◆ TASK BRIEF: From the entries that follow, extract each line holding the string "subseteq".

○ ○ ○ ○ ○

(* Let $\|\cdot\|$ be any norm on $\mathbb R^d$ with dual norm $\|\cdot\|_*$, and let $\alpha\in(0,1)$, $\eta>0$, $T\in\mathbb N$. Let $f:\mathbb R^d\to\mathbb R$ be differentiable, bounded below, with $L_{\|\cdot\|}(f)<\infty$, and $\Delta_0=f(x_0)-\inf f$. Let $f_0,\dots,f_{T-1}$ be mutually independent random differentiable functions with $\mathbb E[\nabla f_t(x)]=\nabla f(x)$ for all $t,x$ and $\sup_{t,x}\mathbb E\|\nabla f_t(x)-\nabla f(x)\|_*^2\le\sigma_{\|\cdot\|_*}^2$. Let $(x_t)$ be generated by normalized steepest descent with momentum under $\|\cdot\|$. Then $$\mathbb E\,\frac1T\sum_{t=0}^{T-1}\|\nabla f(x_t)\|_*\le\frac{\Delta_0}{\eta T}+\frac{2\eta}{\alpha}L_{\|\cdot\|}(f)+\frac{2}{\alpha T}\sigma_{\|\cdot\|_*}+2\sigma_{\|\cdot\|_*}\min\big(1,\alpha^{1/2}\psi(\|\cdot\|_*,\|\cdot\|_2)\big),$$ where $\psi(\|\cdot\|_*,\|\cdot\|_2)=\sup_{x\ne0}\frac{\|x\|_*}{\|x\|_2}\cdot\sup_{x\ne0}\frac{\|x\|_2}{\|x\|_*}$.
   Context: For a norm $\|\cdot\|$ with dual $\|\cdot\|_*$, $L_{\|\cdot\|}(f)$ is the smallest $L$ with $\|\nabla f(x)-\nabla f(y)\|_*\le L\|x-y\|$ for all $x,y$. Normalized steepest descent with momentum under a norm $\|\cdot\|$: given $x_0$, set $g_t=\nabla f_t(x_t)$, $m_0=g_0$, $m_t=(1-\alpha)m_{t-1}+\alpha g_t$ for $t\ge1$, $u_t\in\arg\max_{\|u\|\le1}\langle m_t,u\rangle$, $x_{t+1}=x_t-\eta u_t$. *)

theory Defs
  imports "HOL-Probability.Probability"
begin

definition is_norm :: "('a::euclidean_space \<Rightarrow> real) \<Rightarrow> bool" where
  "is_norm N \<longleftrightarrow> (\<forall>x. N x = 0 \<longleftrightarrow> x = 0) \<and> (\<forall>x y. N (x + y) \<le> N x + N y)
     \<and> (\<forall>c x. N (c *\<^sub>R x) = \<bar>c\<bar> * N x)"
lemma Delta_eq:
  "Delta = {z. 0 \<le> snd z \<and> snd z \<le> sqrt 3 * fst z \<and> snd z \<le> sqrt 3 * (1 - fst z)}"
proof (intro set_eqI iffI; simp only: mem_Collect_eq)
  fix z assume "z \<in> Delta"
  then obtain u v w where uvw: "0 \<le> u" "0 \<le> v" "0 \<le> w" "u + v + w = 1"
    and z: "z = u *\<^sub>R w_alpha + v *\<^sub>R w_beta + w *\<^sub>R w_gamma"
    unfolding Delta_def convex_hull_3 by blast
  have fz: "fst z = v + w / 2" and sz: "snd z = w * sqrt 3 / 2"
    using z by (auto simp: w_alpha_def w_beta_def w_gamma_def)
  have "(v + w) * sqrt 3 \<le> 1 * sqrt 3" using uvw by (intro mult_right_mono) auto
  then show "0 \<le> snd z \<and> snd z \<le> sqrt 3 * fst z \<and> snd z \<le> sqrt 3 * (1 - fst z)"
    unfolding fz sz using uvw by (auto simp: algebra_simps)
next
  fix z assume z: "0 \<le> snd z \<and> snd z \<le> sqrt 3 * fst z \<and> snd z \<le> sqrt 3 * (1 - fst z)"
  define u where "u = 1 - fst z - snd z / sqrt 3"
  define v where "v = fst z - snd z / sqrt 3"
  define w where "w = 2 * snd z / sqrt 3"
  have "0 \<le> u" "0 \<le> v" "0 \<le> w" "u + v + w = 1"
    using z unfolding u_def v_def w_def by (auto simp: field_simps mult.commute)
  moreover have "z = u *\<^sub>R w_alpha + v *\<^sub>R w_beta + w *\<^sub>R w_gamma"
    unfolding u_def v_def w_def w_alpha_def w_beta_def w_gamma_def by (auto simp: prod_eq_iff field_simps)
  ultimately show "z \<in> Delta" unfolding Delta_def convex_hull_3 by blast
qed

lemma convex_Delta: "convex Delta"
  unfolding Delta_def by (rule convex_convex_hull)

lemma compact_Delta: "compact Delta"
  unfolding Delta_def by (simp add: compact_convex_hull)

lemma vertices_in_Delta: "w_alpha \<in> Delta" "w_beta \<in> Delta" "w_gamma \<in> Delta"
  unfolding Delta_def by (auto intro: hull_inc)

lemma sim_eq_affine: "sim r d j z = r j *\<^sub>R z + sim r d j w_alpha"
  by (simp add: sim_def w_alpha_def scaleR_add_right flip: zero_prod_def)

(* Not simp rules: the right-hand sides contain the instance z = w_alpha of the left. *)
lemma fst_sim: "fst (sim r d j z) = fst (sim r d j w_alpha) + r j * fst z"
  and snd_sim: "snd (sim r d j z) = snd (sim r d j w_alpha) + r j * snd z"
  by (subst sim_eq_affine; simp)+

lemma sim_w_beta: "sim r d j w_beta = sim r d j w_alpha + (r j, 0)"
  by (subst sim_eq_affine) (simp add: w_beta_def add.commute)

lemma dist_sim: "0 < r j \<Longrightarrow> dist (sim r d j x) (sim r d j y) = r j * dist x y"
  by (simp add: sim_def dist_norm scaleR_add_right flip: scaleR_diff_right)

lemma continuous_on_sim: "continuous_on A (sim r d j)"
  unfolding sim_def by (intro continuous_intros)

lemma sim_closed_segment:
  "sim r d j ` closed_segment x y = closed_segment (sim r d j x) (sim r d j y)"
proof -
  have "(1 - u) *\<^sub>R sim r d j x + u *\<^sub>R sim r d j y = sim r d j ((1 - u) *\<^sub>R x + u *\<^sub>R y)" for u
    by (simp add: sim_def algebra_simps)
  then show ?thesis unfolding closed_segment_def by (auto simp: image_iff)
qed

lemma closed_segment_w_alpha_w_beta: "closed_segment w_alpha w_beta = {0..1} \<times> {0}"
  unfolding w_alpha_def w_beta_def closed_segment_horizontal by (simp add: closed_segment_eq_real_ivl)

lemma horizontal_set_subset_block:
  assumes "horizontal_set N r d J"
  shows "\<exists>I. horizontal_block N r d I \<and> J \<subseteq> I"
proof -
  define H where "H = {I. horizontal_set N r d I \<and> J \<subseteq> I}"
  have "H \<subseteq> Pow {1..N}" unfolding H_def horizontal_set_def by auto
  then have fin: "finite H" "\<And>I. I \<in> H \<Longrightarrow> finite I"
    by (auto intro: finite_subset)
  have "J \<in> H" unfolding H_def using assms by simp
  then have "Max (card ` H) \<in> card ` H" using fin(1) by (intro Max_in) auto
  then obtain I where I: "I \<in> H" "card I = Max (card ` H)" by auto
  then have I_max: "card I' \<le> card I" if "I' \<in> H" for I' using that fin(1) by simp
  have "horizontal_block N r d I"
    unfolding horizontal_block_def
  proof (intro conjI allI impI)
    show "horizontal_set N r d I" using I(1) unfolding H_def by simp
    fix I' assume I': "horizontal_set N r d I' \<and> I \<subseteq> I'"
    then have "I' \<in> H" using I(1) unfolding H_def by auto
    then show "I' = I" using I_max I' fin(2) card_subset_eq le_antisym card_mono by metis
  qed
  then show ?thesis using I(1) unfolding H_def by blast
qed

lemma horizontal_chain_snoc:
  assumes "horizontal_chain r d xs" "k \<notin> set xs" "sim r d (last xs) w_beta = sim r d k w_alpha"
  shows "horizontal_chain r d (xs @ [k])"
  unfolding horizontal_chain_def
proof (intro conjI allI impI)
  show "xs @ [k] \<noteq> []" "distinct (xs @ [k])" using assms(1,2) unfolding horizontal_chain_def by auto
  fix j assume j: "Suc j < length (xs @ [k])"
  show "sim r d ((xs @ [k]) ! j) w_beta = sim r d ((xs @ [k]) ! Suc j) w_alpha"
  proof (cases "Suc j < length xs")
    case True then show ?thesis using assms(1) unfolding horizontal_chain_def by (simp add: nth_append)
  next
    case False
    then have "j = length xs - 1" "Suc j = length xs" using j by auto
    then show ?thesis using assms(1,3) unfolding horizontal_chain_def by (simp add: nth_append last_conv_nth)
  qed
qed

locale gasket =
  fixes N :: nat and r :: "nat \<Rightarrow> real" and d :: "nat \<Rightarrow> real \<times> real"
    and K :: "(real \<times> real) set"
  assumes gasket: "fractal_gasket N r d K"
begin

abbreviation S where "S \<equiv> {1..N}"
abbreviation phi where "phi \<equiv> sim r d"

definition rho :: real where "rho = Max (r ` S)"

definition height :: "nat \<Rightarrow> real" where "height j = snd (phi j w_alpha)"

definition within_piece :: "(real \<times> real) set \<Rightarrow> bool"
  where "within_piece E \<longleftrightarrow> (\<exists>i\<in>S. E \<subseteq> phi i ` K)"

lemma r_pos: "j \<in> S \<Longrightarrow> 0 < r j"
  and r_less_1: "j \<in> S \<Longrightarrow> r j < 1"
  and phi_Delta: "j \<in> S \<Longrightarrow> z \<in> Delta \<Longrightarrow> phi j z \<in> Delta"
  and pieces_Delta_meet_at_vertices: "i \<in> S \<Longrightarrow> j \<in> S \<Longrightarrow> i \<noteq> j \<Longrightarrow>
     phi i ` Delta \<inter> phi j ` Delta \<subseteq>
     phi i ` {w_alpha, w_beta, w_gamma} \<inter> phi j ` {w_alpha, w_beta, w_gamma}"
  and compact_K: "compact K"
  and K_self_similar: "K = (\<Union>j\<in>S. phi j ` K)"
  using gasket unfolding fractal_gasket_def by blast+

○ ○ ○ ○ ○

◆ THE ANSWER:
  shows "\<exists>I. horizontal_block N r d I \<and> J \<subseteq> I"
  define H where "H = {I. horizontal_set N r d I \<and> J \<subseteq> I}"
  have "H \<subseteq> Pow {1..N}" unfolding H_def horizontal_set_def by auto
    fix I' assume I': "horizontal_set N r d I' \<and> I \<subseteq> I'"
  where "within_piece E \<longleftrightarrow> (\<exists>i\<in>S. E \<subseteq> phi i ` K)"
     phi i ` Delta \<inter> phi j ` Delta \<subseteq>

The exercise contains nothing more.